At the BJP’s election office, Dev, the 46-year-old former RSS worker who returned to Tripura three years ago to work for the party, said “people have stopped smiling in this state.” He had identified three priorities— law and order, employment and seventh pay commission— if the BJP came to power. Undaunted by the fact that he was taking on four-time Chief Minister Manik Sarkar, Dev said he was promising “smiles as against fears caused by CPM.” As trays of tea and local samosas werr served, Dev still has a long night ahead. Outside, a local BJP functionary said that if the Sarkar government was not defeated this time, the Left Front would remain in power for the next five decades.

It was at Sonamura two days later that the extent of the BJP’s breach of a long-held Marxist citadel became palpable. Hours before Modi was to address his first rally in the run-up to the Assembly election, people--Bengalis, tribals, Manipuris, youth and Muslims— walked distance of 5-7 km just to listen to the Prime Minister.
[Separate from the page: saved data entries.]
theorem lemma4p6:
  fixes sc :: "complex \<Rightarrow> 'w::ab_group_add \<Rightarrow> 'w"
    and \<phi> :: "complex fls fps"
    and n :: nat
    and a b :: "nat \<Rightarrow> int \<Rightarrow> 'w \<Rightarrow> 'w"
    and g :: "nat \<Rightarrow> int \<Rightarrow> int \<Rightarrow> complex"
  assumes "vector_space sc"
    and "associate \<phi>"
    and "\<forall>i\<in>{1..n}. EW sc (a i) \<and> EW sc (b i) \<and> quasi_compat sc \<phi> (a i) (b i)"
    and "\<forall>i\<in>{1..n}. laur2 (g i)"
    and "trunc2 (\<lambda>m k w. \<Sum>i=1..n. mult2 sc (g i) (prod12 (a i) (b i)) m k w)"
  shows "(\<lambda>k p w. \<Sum>i=1..n. multZ sc (substC \<phi> (g i)) (YE sc \<phi> (a i) (b i)) k p w)
       = substW sc \<phi> (\<lambda>m k w. \<Sum>i=1..n. mult2 sc (g i) (prod12 (a i) (b i)) m k w)"
proof -
  note vs = assms(1)
  have X: "fps_nth \<phi> 0 = fls_X" using assms(2) unfolding associate_def by blast
  define p where "p i = (SOME p. qc_witness sc \<phi> (a i) (b i) p)" for i
  define T where "T = (\<lambda>m k w. \<Sum>i=1..n. mult2 sc (g i) (prod12 (a i) (b i)) m k w)"
  have ab: "EW sc (a i)" "EW sc (b i)" and g: "double_laurent (g i)" if "i \<in> {1..n}" for i
    using assms(3,4) that unfolding laur2_def double_laurent_def by auto
  have p: "qc_witness sc \<phi> (a i) (b i) (p i)" if "i \<in> {1..n}" for i
    using assms(3) that unfolding quasi_compat_def p_def by (metis someI_ex)
  obtain Q where Q: "double_laurent Q" "subst_fls \<phi> Q \<noteq> 0"
    and R: "\<forall>i\<in>{1..n}. \<exists>R. double_laurent R \<and> Q = conv2 R (p i)"
    using common_multiple_exists[OF X, of "{1..n}" p]
    by (meson finite_atLeastAtMost p qc_witness_double_laurent qc_witness_subst_fls_nonzero[OF X])
  define V where "V i = mult2 sc Q (mult2 sc (g i) (prod12 (a i) (b i)))" for i
  have V: "double_laurent (\<lambda>m n. V i m n w)"
    and Y: "multZ sc (substC \<phi> (g i)) (YE sc \<phi> (a i) (b i))
      = multZ sc (coeffs2 (inverse (subst_fls \<phi> Q))) (substW sc \<phi> (V i))" if "i \<in> {1..n}" for i w
    using R multZ_substC_Yp[OF vs X ab[OF that] p[OF that] g[OF that] _ _ Q(2)] that
    unfolding V_def YE_def p_def[symmetric] by blast+
  have T: "double_laurent (\<lambda>m n. T m n w)" for w
    using assms(5) unfolding trunc2_def T_def double_laurent_def by blast
  have sum_V: "(\<lambda>m k w. \<Sum>i=1..n. V i m k w) = mult2 sc Q T"
    unfolding T_def V_def mult2_eq_multZ
    by (intro ext multZ_sum_transposed[OF vs double_laurent_transpose_iter_laurent[OF Q(1)], symmetric])
      (use g ab in \<open>auto intro!: multZ_iter_laurent_transposed[OF vs] prod12_iter_laurent
        double_laurent_transpose_iter_laurent\<close>)
  have "(\<lambda>k p w. \<Sum>i=1..n. multZ sc (substC \<phi> (g i)) (YE sc \<phi> (a i) (b i)) k p w)
      = (\<lambda>k p w. \<Sum>i=1..n. multZ sc (coeffs2 (inverse (subst_fls \<phi> Q))) (substW sc \<phi> (V i)) k p w)"
    using Y by (intro ext sum.cong) auto
  also have "\<dots> = multZ sc (coeffs2 (inverse (subst_fls \<phi> Q))) (substW sc \<phi> (\<lambda>m k w. \<Sum>i=1..n. V i m k w))"
    by (rule multZ_sum_substW[OF vs X finite_atLeastAtMost V])
  also have "\<dots> = multZ sc (coeffs2 (inverse (subst_fls \<phi> Q))) (substW sc \<phi> (mult2 sc Q T))"
    unfolding sum_V ..
  also have "\<dots> = substW sc \<phi> T"
    by (rule substW_mult2_cancel[OF vs X Q T])
  finally show ?thesis unfolding T_def .
qed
As the venue ground got filled, people stood on hillocks around it, jostling for a view. Standing on one of them, looking at the sea of people below on a clear morning, the winds of change blowing across Tripura’s political landscape felt BJP inclined. The crowd burst into thunderous applause when Modi said that nobody in the country had a clue what “kind of revolution is coming to Tripura”.

The discontent, weariness and cry for change had grown loud, reflected in the popularity of the part ‘Chalo Paltai’ slogan. More than anything else, it seemed to be a fear of missing out on a chance to test the BJP’s promise of development and jobs. That night in the hotel where BJP leaders including Ram Madhav, Himanta Biswa Sarma and Sunil Deodhar were camping, there was a muted sense of celebration. Modi’s rallies had caught the CPM on weak ground.

While the state’s political narrative revolved around the BJP storming the CPM’s last bastion in the country, the Congress had gone into oblivion. It was apparent that the Congress, many of whose local leaders--and voters--had switched allegiance to the BJP, had reconciled to this. That afternoon, a Congress rally addressed by party veteran Tarun Gogoi in the heart of Agartala was attended by barely 60 people. Last minute efforts were still being at the Ujjayanta Palace, where Pradyot Kishore Debbarma, working president of the state Congress party, was huddled with party leaders and candidates, to save some space for the party in the state. By then, it was too late.

CPM leaders clung on to hope. For a party which had won 49 of the Assembly’s 60 seats in the last state election, it was difficult to imagine being overthrown by a party with just 1.5 per cent vote share to form the next government. Sarkar was banking on what he described as his biggest achievement— tribal and non-tribal unity— and the “committed” Left vote.

But, as the results emerged on March 3rd to give the BJP a landslide victory, one wonders how many like Gup really voted for the CPM.